The feasibility work combined aviation demand forecasts, FAA design criteria, environmental screening and a GIS-based site-ranking matrix. Taylor said both candidate sites could support instrument approach procedures and meet FAA design standards; he reported total site rankings of 88 for Site 1 and 77 for Site 2. The consultants estimated an initial build-out cost in broad terms — about $150 million for Site 1 and nearly $200 million for Site 2 for a 5,600-foot initial runway — and between $250 million and $300 million to complete a 7,600-foot ultimate configuration for a long-term runway.
Faust emphasized two policy constraints that helped drive the decision not to pursue: the need to apply land-use overlays that would restrict adjacent development, and the State Land Department’s fiduciary objective to obtain highest-and-best value for state trust land.

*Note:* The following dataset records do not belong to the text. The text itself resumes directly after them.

lemma psd_mat_trace:
  assumes "psd_mat n A"
  shows "mtrace A = of_real (Re (mtrace A))" and "0 \<le> Re (mtrace A)"
proof -
  have A: "A \<in> carrier_mat n n" and P: "psd_fun n (\<lambda>i j. A $$ (i, j))" using assms psd_mat_iff_psd_fun by auto
  have "mtrace A = (\<Sum>i<n. of_real (Re (A $$ (i, i))))"
    unfolding mtrace_def using A psd_fun_diag(1)[OF P] by (auto intro!: sum.cong)
  then show "mtrace A = of_real (Re (mtrace A))" by simp
  show "0 \<le> Re (mtrace A)"
    unfolding mtrace_def Re_sum using A psd_fun_diag(2)[OF P] by (auto intro!: sum_nonneg)
qed

lemma psd_mat_entry_le_trace:
  assumes "psd_mat n A" "i < n" "j < n"
  shows "cmod (A $$ (i, j)) \<le> Re (mtrace A)"
proof -
  have A: "A \<in> carrier_mat n n" and P: "psd_fun n (\<lambda>i j. A $$ (i, j))"
    using assms(1) psd_mat_iff_psd_fun by auto
  have diag_le: "Re (A $$ (k, k)) \<le> Re (mtrace A)" if "k < n" for k
    unfolding mtrace_def Re_sum using A that psd_fun_diag(2)[OF P] by (intro member_le_sum) auto
  show ?thesis
    using psd_fun_entry_bound[OF P assms(2,3)] diag_le[OF assms(2)] diag_le[OF assms(3)] by simp
qed

section \<open>Density matrices\<close>

lemma density_mats_carrier: "\<rho> \<in> density_mats n \<Longrightarrow> \<rho> \<in> carrier_mat n n"
  unfolding density_mats_def psd_mat_def hermitian_mat_def by auto

lemma density_mats_entry_bound: "\<rho> \<in> density_mats n \<Longrightarrow> i < n \<Longrightarrow> j < n \<Longrightarrow> cmod (\<rho> $$ (i, j)) \<le> 1"
  using psd_mat_entry_le_trace[of n \<rho> i j] unfolding density_mats_def by simp

lemma density_mats_convex:
  assumes "\<rho>0 \<in> density_mats n" "\<rho>1 \<in> density_mats n" "0 \<le> t" "t \<le> 1"
  shows "of_real (1 - t) \<cdot>\<^sub>m \<rho>0 + of_real t \<cdot>\<^sub>m \<rho>1 \<in> density_mats n"
proof -
  have "mtrace (of_real (1 - t) \<cdot>\<^sub>m \<rho>0 + of_real t \<cdot>\<^sub>m \<rho>1) = of_real (1 - t) * mtrace \<rho>0 + of_real t * mtrace \<rho>1"
    using density_mats_carrier[OF assms(1)] density_mats_carrier[OF assms(2)]
    by (simp add: mtrace_def sum.distrib sum_distrib_left)
  moreover have "psd_mat n (of_real (1 - t) \<cdot>\<^sub>m \<rho>0 + of_real t \<cdot>\<^sub>m \<rho>1)"
    using assms unfolding density_mats_def by (intro psd_mat_add psd_mat_smult) auto
  ultimately show ?thesis
    using assms unfolding density_mats_def by (simp add: algebra_simps)
qed

lemma density_mats_normalize:
  assumes "psd_mat n S" "0 < Re (mtrace S)"
  shows "of_real (1 / Re (mtrace S)) \<cdot>\<^sub>m S \<in> density_mats n"
proof -
  define c where "c = Re (mtrace S)"
  have "S \<in> carrier_mat n n" using assms(1) psd_mat_iff_psd_fun by blast
  moreover have "mtrace S = of_real c" unfolding c_def by (rule psd_mat_trace(1)[OF assms(1)])
  ultimately have "mtrace (of_real (1 / c) \<cdot>\<^sub>m S) = of_real (1 / c) * of_real c"
    by (simp only: mtrace_smult)
  then have "mtrace (of_real (1 / c) \<cdot>\<^sub>m S) = 1" using assms(2) unfolding c_def by simp
  then show ?thesis
    using psd_mat_smult[OF _ assms(1), of "1 / c"] assms(2) unfolding c_def density_mats_def by simp
qed

definition pure_state :: "nat \<Rightarrow> (nat \<Rightarrow> complex) \<Rightarrow> complex mat" where
  "pure_state n w = mat n n (\<lambda>(i, j). w i * cnj (w j) / of_real (\<Sum>k<n. (cmod (w k))\<^sup>2))"

lemma pure_state_carrier: "pure_state n w \<in> carrier_mat n n"
  unfolding pure_state_def by simp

He said those constraints could force the city to acquire additional adjacent parcels and that the previously cited $7 million cost to relocate power lines is likely much too low. “On the surface the data clearly says an airport is feasible,” Faust said, “site 1 supports a conceptual airport,” and then told the council, “based on that the city is no longer going to pursue nor are we marketing an airport in this area.”
Staff said the study found initial aviation demand well above feasibility thresholds and that a new airport would fill a regional gap in the northwest Phoenix area and provide capacity relief for nearby fields. The presentation noted airspace complexity near Luke Air Force Base and the need for pilots to coordinate with Luke, Deer Valley or the Phoenix TRACON but described those as operational, not prohibitive, issues.
Faust also summarized public costs to date and expected returns: the city has spent about $553,000 on the airport analysis across FY24–FY25; staff said that investment contributed to an intergovernmental agreement (IGA) with the State Land Department the council approved Dec. 17 that they estimate could enable more than $500 million in reimbursable infrastructure and long-term tax revenues tied to development of the Peoria Innovation Core. Staff said they will post the site-selection report and a cover letter on the city website and will not ask for additional airport-related study funds in FY26.
Discussion versus decisions: council members asked technical and policy questions during the study-session presentation; staff described next steps for posting documents and advancing the infrastructure work for the Peoria Innovation Core. No formal motion or ordinance to pursue site acquisition or airport development was made at the meeting; staff characterized the action as a program-level decision not to pursue or market an air-park at this time.
What happens next: city staff will post the full report and a cover letter, advance entitlement work for the Peoria Innovation Core infrastructure under the existing IGA, and continue other economic-development land-acquisition efforts unrelated to airport construction. Faust said a private party could still attempt to develop an airport by pursuing a special-use permit under City Code (chapter 21-8-57(g)), navigating the State Land Department process and prevailing at a public auction, but the city is not inviting or marketing such a project.